By voting 'no' in a referendum on whether or not Switzerland should ratify the agreement creating the European Economic Area (EEA), the country has forced renegotiation of a treaty agreed after months of hard bargaining last year. Conceived as a half-way house to full EC membership, it offered Norway, Sweden, Finland, Iceland, Switzerland, Austria and Liechtenstein - currently members of the European Free Trade Association (Efta) - the advantages of the Community's free- trade zone without the political commitments.

EC diplomats made clear that the Swiss rejection was a Swiss problem. The country has already applied to open negotiations on full EC membership and that, EC officials said yesterday, remains on the table.

But the reality is that the timetable for everyone else is necessarily slowed since the treaty mentions Switzerland in virtually all its numerous clauses and will have to be re-written.

The seven Efta nations meet on Thursday and Friday to discuss the problem and will report to the EC at a meeting conveniently scheduled for next Monday. But Efta officials said that a new treaty could not be ready before February at the earliest. This is in itself something of a failure since the seven had hoped to be part of the single market from its inception on 1 January.
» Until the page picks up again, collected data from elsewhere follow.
(* Let $r\ge2$ and $p\ge2$ be integers, let $\mathcal{A}$ be the adjacency tensor of an $r$-uniform (possibly weighted) hypergraph on $n$ vertices, and let $f(\mathbf{x})=(r-1)!\,\mathcal{A}\mathbf{x}^r/\|\mathbf{x}\|_p^r$ for $\mathbf{x}\neq0$. Let $\mathbf{x}_k\in\mathbb{R}^n$ with $\|\mathbf{x}_k\|_2=1$, $\mathbf{p}_k\in\mathbb{R}^n$, and for $\alpha>0$ let $$\mathbf{x}_{k+1}(\alpha)=\frac{[(2-\alpha\mathbf{x}_k^\top\mathbf{p}_k)^2-\|\alpha\mathbf{p}_k\|^2]\mathbf{x}_k+4\alpha\mathbf{p}_k}{4+\|\alpha\mathbf{p}_k\|^2-(\alpha\mathbf{x}_k^\top\mathbf{p}_k)^2}.$$ Writing $f'(\alpha)$ for the derivative of $\alpha\mapsto f(\mathbf{x}_{k+1}(\alpha))$, we have $$\alpha f'(\alpha)=-\nabla f(\mathbf{x}_{k+1}(\alpha))^\top\mathbf{x}_k.$$
   Context: For a weighted $r$-uniform hypergraph $G=(V,E)$ with $V=\{1,\dots,n\}$ and edge weights $s(e)>0$, the adjacency tensor $\mathcal{A}=(a_{i_1\cdots i_r})$ is the symmetric order-$r$, dimension-$n$ tensor with $a_{i_1\cdots i_r}=s(e)/(r-1)!$ if $\{i_1,\dots,i_r\}=e\in E$ and $0$ otherwise. $\mathcal{A}\mathbf{x}^r=\sum_{i_1,\dots,i_r}a_{i_1\cdots i_r}x_{i_1}\cdots x_{i_r}$ and $(\mathcal{A}\mathbf{x}^{r-1})_i=\sum_{i_2,\dots,i_r}a_{ii_2\cdots i_r}x_{i_2}\cdots x_{i_r}$. $\|\mathbf{x}\|_p=(\sum_i|x_i|^p)^{1/p}$ and $\|\cdot\|$ is the Euclidean norm. The gradient is $\nabla f(\mathbf{x})=\frac{r!}{\|\mathbf{x}\|_p^r}\big(\mathcal{A}\mathbf{x}^{r-1}-\mathcal{A}\mathbf{x}^r\|\mathbf{x}\|_p^{-p}\mathbf{x}^{\langle p-1\rangle}\big)$, where $(\mathbf{x}^{\langle p-1\rangle})_i=|x_i|^{p-1}\mathrm{sgn}(x_i)$. The vector $\mathbf{x}_{k+1}(\alpha)$ is a unit vector. *)

theory Defs
  imports "HOL-Analysis.Analysis"
begin

text \<open>Weighted r-uniform hypergraph on the vertex type 'n (vertices = elements of the
finite type 'n, so n = CARD('n)); edges E are r-element vertex sets, weights s e > 0.\<close>

definition weighted_uniform_hypergraph :: "nat \<Rightarrow> 'n set set \<Rightarrow> ('n set \<Rightarrow> real) \<Rightarrow> bool" where
  "weighted_uniform_hypergraph r E s \<longleftrightarrow> (\<forall>e\<in>E. card e = r \<and> s e > 0)"

definition adj_entry :: "nat \<Rightarrow> 'n set set \<Rightarrow> ('n set \<Rightarrow> real) \<Rightarrow> (nat \<Rightarrow> 'n) \<Rightarrow> real" where
  "adj_entry r E s i = (if i ` {0..<r} \<in> E then s (i ` {0..<r}) / fact (r - 1) else 0)"

definition tensor_form :: "nat \<Rightarrow> 'n::finite set set \<Rightarrow> ('n set \<Rightarrow> real) \<Rightarrow> real^'n \<Rightarrow> real" where
  "tensor_form r E s x =
     (\<Sum>i\<in>PiE {0..<r} (\<lambda>_. UNIV). adj_entry r E s i * (\<Prod>j<r. x $ i j))"

definition tensor_vec :: "nat \<Rightarrow> 'n::finite set set \<Rightarrow> ('n set \<Rightarrow> real) \<Rightarrow> real^'n \<Rightarrow> real^'n" where
  "tensor_vec r E s x = (\<chi> v. \<Sum>i\<in>PiE {1..<r} (\<lambda>_. UNIV).
        adj_entry r E s (i(0 := v)) * (\<Prod>j\<in>{1..<r}. x $ i j))"

definition pnorm :: "nat \<Rightarrow> real^'n::finite \<Rightarrow> real" where
  "pnorm p x = (\<Sum>i\<in>UNIV. \<bar>x $ i\<bar> ^ p) powr (1 / real p)"

definition hyp_f :: "nat \<Rightarrow> nat \<Rightarrow> 'n::finite set set \<Rightarrow> ('n set \<Rightarrow> real) \<Rightarrow> real^'n \<Rightarrow> real" where
  "hyp_f r p E s x = fact (r - 1) * tensor_form r E s x / pnorm p x ^ r"

definition hyp_grad :: "nat \<Rightarrow> nat \<Rightarrow> 'n::finite set set \<Rightarrow> ('n set \<Rightarrow> real) \<Rightarrow> real^'n \<Rightarrow> real^'n" where
  "hyp_grad r p E s x = (fact r / pnorm p x ^ r) *\<^sub>R
     (tensor_vec r E s x - (tensor_form r E s x / pnorm p x ^ p) *\<^sub>R
        (\<chi> i. \<bar>x $ i\<bar> ^ (p - 1) * sgn (x $ i)))"

definition x_next :: "real^'n::finite \<Rightarrow> real^'n \<Rightarrow> real \<Rightarrow> real^'n" where
  "x_next xk pk \<alpha> =
     (1 / (4 + (norm (\<alpha> *\<^sub>R pk))\<^sup>2 - (\<alpha> * (xk \<bullet> pk))\<^sup>2)) *\<^sub>R
       ((((2 - \<alpha> * (xk \<bullet> pk))\<^sup>2 - (norm (\<alpha> *\<^sub>R pk))\<^sup>2) *\<^sub>R xk) + (4 * \<alpha>) *\<^sub>R pk)"

end

theory Submission
  imports Defs "HOL-Combinatorics.Permutations"
begin

text \<open>
  The function \<open>f\<close> is homogeneous of degree \<open>0\<close>, so its gradient is orthogonal to the
  point: \<open>\<nabla>f(y)\<^sup>T y = 0\<close> (Euler's identity, using \<open>\<A>x\<^sup>r = (\<A>x\<^sup>r\<^sup>-\<^sup>1)\<^sup>T x\<close> by symmetry of
  the adjacency tensor). Writing \<open>x\<^sub>k\<^sub>+\<^sub>1(\<alpha>) = N(\<alpha>) / D(\<alpha>)\<close> with numerator \<open>N\<close> and
  denominator \<open>D\<close>, one checks \<open>\<alpha> N'(\<alpha>) = N(\<alpha>) - D(\<alpha>) x\<^sub>k\<close>, hence
  \<open>\<alpha> x\<^sub>k\<^sub>+\<^sub>1'(\<alpha>) = c x\<^sub>k\<^sub>+\<^sub>1(\<alpha>) - x\<^sub>k\<close> for some scalar \<open>c\<close>. The chain rule and Euler's identity
  then give \<open>\<alpha> f'(\<alpha>) = -\<nabla>f(x\<^sub>k\<^sub>+\<^sub>1(\<alpha>))\<^sup>T x\<^sub>k\<close>.
\<close>

lemma sum_PiE_insert:
  assumes "a \<notin> I"
  shows "(\<Sum>i\<in>PiE (insert a I) B. F i) = (\<Sum>v\<in>B a. \<Sum>i\<in>PiE I B. F (i(a := v)))"
proof -
  have "(\<Sum>i\<in>PiE (insert a I) B. F i) = (\<Sum>(v, i)\<in>B a \<times> PiE I B. F (i(a := v)))"
    unfolding PiE_insert_eq
    by (subst sum.reindex[OF inj_combinator[OF assms]]) (simp add: case_prod_unfold)
  then show ?thesis
    by (simp add: sum.cartesian_product)
qed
In theory, Sweden, Austria Finland, Norway and Switzerland could decide to abandon the EEA arrangement and begin discussion on full membership straightaway. But events of recent months have had a negative effect on public opinion. 'We need the EEA if only to prove to the public that full EC memberships won't result in mass immigration or a dilution of our welfare laws,' an official confided yesterday.

The burning question is whether negotiations on admitting new members can begin before the Maastricht treaty is ratified - in principle the sine qua non of enlargement. Spain, Portugal, Greece and Ireland are insisting that financial commitments promised under the treaty must first be made good.